* [Task objective]:
Sort through the entries below and pull out lines containing the word "using".

Stored data:
lemma lagrange_terms_rescale:
  fixes P :: "'a::field fps fps"
  assumes "\<alpha> \<noteq> 0"
  defines "D \<equiv> fps_const (fps_const (1 / \<alpha>)) * P"
    and "Q \<equiv> fps_const (fps_const \<alpha>) * fps_X - P"
  shows "(fps_deriv D * (fps_X - D) ^ Suc m) $ m
      = fps_const (1 / \<alpha> ^ (m + 2)) * (fps_deriv P * Q ^ (m + 1)) $ m"
    and "fps_const (1 / of_nat (Suc m)) * ((fps_X - D) ^ Suc m) $ m
      = fps_const (1 / (of_nat (m + 1) * \<alpha> ^ (m + 1))) * (Q ^ (m + 1)) $ m"
proof -
  define c :: "'a fps fps" where "c = fps_const (fps_const (1 / \<alpha>))"
  have "c * fps_const (fps_const \<alpha>) = 1"
    using assms(1) by (simp add: c_def)
  then have X_minus_D: "fps_X - D = c * Q"
    by (simp add: D_def Q_def c_def right_diff_distrib flip: mult.assoc)
  have c_power: "c ^ k = fps_const (fps_const (1 / \<alpha> ^ k))" for k
    by (simp add: c_def power_one_over)
  have "fps_deriv D = c * fps_deriv P"
    by (simp add: D_def c_def)
  then have "fps_deriv D * (fps_X - D) ^ Suc m = c ^ (m + 2) * (fps_deriv P * Q ^ (m + 1))"
    and "(fps_X - D) ^ Suc m = c ^ (m + 1) * Q ^ (m + 1)"
    by (simp_all add: X_minus_D power_mult_distrib mult_ac)
  then show "(fps_deriv D * (fps_X - D) ^ Suc m) $ m
      = fps_const (1 / \<alpha> ^ (m + 2)) * (fps_deriv P * Q ^ (m + 1)) $ m"
    and "fps_const (1 / of_nat (Suc m)) * ((fps_X - D) ^ Suc m) $ m
      = fps_const (1 / (of_nat (m + 1) * \<alpha> ^ (m + 1))) * (Q ^ (m + 1)) $ m"
    by (simp_all only: c_power fps_mult_left_const_nth) (simp add: mult.commute)
qed

theorem corollary3p2:
  fixes P :: "'a::field fps fps" and \<phi> :: "'a fps" and \<alpha> :: 'a
  assumes "fps_nth \<phi> 0 = 0"
    and "subst_y P \<phi> = 0"
    and "fps_nth (fps_nth (fps_deriv P) 0) 0 = \<alpha>"
    and "\<alpha> \<noteq> 0"
  shows "((\<lambda>m. fps_const (1 / \<alpha> ^ (m + 2)) *
            fps_nth (fps_deriv P * (fps_const (fps_const \<alpha>) * fps_X - P) ^ (m + 1)) m)
          sums \<phi>)
       \<and> (CHAR('a) = 0 \<longrightarrow>
          ((\<lambda>m. fps_const (1 / (of_nat (m + 1) * \<alpha> ^ (m + 1))) *
            fps_nth ((fps_const (fps_const \<alpha>) * fps_X - P) ^ (m + 1)) m) sums \<phi>))"
proof -
  define D where "D = fps_const (fps_const (1 / \<alpha>)) * P"
  have subst: "subst_y D \<phi> = 0"
    using assms(1,2) by (simp add: D_def subst_y_const_mult)
  have D_1_0: "D $ 1 $ 0 = 1"
    using assms(3,4) by (simp add: D_def)
  have "(\<lambda>m. fps_const (1 / \<alpha> ^ (m + 2)) *
      (fps_deriv P * (fps_const (fps_const \<alpha>) * fps_X - P) ^ (m + 1)) $ m) sums \<phi>"
    using lagrange_inversion_sums[OF assms(1) subst D_1_0]
    unfolding D_def lagrange_terms_rescale[OF assms(4)] .
  moreover have "(\<lambda>m. fps_const (1 / (of_nat (m + 1) * \<alpha> ^ (m + 1))) *
      ((fps_const (fps_const \<alpha>) * fps_X - P) ^ (m + 1)) $ m) sums \<phi>" if "CHAR('a) = 0"
    using lagrange_inversion_sums_char_0[OF that assms(1) subst D_1_0]
    unfolding D_def lagrange_terms_rescale[OF assms(4)] .
  ultimately show ?thesis
    by blast
qed

end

* [Output of the task]:
    using assms(1) by (simp add: c_def)
    using assms(1,2) by (simp add: D_def subst_y_const_mult)
    using assms(3,4) by (simp add: D_def)
    using lagrange_inversion_sums[OF assms(1) subst D_1_0]
    using lagrange_inversion_sums_char_0[OF that assms(1) subst D_1_0]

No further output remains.